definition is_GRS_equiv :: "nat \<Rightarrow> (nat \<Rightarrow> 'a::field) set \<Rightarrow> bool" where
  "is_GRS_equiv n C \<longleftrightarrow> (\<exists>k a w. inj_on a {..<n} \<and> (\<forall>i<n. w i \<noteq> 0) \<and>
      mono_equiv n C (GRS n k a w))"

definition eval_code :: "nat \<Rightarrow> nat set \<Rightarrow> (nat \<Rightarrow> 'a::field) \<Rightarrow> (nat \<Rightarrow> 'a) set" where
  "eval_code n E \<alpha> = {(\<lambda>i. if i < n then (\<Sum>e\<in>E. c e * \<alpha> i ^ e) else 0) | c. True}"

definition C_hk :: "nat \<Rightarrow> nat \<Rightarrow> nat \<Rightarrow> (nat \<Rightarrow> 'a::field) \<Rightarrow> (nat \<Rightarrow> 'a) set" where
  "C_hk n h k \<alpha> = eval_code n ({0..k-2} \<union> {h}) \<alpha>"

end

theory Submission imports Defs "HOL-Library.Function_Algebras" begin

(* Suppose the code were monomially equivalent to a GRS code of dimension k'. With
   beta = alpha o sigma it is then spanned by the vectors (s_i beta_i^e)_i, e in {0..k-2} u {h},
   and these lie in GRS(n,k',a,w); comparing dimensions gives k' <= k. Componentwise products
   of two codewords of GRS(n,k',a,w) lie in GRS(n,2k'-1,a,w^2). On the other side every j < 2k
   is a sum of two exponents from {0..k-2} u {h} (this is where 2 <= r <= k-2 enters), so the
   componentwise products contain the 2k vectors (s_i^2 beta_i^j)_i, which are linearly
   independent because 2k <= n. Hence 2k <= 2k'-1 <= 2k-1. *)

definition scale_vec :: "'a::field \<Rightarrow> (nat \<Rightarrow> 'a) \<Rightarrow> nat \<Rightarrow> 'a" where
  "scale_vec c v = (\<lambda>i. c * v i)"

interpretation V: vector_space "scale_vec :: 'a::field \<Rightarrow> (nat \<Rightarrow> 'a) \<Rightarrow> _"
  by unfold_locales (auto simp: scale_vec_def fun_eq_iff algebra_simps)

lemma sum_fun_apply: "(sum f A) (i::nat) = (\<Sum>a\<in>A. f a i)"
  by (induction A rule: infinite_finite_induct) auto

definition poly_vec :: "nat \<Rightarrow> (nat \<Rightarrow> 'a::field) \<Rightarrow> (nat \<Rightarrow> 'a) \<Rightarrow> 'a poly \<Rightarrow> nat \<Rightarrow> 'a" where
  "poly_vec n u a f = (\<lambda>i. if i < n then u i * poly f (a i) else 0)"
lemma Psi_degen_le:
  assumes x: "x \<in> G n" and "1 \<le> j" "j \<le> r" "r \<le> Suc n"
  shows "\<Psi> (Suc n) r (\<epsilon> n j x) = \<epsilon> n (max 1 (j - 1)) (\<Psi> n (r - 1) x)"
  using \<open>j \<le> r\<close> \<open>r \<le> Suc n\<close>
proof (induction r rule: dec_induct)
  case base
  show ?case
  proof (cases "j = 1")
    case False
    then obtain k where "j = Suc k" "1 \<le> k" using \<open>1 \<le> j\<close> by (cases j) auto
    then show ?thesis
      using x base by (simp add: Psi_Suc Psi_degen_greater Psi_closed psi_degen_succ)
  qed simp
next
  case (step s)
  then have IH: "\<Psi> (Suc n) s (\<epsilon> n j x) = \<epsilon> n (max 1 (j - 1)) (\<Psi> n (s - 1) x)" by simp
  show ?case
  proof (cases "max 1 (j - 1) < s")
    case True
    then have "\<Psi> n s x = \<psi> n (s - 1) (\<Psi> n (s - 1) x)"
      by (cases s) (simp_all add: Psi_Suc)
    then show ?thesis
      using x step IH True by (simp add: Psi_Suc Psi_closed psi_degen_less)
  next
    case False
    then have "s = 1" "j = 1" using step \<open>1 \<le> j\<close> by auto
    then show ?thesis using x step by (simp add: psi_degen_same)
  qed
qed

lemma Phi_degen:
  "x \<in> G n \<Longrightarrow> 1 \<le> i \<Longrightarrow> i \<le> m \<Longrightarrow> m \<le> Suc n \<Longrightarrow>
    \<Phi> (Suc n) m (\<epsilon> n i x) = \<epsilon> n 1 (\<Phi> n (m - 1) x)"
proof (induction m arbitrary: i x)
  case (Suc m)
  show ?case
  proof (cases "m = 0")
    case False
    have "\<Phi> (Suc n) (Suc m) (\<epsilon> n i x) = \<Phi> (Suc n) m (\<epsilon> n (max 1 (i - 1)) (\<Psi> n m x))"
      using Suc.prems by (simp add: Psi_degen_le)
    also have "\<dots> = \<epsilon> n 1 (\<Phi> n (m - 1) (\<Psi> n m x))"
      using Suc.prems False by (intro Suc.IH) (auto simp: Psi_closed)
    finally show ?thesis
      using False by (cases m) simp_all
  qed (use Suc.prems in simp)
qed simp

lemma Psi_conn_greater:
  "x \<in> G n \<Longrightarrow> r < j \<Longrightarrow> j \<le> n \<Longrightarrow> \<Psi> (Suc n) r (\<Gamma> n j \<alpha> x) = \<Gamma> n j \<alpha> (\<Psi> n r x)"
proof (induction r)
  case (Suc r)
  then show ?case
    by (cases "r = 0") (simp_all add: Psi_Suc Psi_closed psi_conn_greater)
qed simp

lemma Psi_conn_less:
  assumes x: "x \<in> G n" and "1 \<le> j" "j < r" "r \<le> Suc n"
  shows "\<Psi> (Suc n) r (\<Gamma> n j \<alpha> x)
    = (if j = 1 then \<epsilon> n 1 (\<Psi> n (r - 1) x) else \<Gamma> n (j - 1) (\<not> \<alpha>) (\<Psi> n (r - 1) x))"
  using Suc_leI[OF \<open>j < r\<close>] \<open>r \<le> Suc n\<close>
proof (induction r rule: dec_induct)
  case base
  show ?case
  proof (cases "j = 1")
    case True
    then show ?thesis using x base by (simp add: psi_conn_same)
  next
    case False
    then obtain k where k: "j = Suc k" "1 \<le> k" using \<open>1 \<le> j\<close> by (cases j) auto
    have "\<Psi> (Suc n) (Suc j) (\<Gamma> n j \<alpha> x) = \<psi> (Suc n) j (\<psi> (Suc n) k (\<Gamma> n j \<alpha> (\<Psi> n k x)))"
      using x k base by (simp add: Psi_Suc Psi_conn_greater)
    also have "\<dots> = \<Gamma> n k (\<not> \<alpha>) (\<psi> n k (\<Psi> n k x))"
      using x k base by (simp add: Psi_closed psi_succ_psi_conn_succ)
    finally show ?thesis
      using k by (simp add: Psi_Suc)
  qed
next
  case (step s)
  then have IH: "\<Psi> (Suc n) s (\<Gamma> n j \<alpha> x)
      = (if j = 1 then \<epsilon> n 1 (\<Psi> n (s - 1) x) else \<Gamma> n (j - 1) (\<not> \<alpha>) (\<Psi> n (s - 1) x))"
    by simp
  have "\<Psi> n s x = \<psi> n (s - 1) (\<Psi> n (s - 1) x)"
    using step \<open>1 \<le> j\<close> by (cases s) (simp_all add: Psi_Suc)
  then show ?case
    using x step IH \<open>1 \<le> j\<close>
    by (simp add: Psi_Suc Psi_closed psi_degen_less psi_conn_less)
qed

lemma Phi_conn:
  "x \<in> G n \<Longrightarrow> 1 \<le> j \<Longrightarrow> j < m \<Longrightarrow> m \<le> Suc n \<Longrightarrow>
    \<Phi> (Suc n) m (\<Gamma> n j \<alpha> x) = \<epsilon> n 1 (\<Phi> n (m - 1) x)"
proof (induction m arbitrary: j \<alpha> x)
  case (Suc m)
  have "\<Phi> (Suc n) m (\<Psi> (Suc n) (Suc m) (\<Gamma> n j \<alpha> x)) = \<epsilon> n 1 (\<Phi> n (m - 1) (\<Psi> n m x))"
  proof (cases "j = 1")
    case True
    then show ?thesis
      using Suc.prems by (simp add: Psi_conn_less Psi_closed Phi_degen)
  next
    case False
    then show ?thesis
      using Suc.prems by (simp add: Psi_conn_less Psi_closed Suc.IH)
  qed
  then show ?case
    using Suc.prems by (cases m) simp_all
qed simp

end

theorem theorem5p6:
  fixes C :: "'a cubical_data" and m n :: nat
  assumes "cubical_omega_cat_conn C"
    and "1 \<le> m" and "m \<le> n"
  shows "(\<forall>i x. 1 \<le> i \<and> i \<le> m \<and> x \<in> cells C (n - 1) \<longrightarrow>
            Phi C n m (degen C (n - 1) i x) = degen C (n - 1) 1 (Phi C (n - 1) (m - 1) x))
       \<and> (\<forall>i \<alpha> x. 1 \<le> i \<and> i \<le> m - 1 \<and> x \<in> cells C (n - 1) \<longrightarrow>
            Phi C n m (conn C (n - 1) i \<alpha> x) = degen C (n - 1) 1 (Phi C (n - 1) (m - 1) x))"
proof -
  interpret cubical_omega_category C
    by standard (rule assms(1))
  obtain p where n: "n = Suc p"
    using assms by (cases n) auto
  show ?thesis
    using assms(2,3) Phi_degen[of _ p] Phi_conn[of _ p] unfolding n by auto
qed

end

• [Requirement]: Retrieve each line from the records above where the word "base" occurs.

• [Result]:
  case base
      using x base by (simp add: Psi_Suc Psi_degen_greater Psi_closed psi_degen_succ)
  case base
    then show ?thesis using x base by (simp add: psi_conn_same)
      using x k base by (simp add: Psi_Suc Psi_conn_greater)
      using x k base by (simp add: Psi_closed psi_succ_psi_conn_succ)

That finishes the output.